● **TASK REQUIREMENTS**: The required answer is every line of the data containing the word "assumes".

● **SOURCE DATA**:

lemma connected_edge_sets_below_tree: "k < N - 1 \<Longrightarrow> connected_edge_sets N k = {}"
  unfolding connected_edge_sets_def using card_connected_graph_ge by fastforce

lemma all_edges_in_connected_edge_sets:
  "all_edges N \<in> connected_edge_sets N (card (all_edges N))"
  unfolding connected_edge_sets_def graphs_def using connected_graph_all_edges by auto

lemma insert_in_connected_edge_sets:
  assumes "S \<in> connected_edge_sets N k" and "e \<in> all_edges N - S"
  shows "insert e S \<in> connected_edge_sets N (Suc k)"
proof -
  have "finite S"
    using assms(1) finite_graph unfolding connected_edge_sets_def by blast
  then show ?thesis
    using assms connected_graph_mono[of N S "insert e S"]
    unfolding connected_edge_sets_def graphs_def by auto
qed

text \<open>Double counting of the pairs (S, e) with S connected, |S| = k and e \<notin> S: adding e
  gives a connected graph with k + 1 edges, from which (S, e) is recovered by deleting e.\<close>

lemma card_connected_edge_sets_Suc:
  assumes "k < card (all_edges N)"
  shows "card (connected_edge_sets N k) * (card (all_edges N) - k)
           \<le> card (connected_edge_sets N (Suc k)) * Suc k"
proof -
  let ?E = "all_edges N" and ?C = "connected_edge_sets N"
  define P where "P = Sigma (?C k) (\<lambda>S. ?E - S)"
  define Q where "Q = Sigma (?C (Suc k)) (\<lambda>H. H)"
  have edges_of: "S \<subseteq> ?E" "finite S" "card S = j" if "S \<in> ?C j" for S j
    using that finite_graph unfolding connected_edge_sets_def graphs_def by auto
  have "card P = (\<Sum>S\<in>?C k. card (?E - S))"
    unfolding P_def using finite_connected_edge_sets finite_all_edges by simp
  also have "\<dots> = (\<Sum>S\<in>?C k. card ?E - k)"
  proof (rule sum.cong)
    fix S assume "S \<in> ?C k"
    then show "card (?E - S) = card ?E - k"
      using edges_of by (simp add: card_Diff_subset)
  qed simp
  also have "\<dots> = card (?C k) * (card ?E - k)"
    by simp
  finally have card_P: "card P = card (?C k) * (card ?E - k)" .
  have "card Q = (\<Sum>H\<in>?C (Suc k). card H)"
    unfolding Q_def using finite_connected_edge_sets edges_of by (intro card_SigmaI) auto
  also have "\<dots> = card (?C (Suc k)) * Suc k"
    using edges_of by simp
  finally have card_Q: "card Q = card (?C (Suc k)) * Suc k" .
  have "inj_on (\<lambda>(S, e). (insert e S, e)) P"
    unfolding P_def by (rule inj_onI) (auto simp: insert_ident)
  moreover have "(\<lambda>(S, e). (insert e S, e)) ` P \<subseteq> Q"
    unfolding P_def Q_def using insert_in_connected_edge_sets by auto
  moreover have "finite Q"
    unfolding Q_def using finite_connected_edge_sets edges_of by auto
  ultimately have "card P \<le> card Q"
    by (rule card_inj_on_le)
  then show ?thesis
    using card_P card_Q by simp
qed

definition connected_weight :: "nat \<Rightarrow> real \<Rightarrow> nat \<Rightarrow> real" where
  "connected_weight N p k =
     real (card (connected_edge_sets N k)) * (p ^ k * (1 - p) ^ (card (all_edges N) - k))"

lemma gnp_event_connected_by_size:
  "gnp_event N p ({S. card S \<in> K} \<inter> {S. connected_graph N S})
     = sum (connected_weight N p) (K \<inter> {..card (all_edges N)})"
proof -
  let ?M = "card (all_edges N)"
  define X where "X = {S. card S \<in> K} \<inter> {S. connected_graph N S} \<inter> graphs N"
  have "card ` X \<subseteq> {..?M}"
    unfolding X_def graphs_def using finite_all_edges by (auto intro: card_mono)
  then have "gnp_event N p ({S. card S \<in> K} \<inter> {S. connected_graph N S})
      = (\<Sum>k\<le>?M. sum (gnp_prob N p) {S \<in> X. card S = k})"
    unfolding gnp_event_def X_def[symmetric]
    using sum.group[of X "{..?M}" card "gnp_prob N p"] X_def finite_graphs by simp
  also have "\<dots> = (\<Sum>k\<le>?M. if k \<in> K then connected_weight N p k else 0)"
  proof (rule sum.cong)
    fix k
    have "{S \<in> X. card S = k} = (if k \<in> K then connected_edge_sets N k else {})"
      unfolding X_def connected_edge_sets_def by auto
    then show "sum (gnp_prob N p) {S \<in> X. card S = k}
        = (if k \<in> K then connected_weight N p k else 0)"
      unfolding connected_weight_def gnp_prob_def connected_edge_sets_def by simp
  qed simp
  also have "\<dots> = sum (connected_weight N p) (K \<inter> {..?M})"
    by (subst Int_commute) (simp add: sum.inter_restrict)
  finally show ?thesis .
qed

● **EXERCISE OUTPUT**:
  assumes "S \<in> connected_edge_sets N k" and "e \<in> all_edges N - S"
  assumes "k < card (all_edges N)"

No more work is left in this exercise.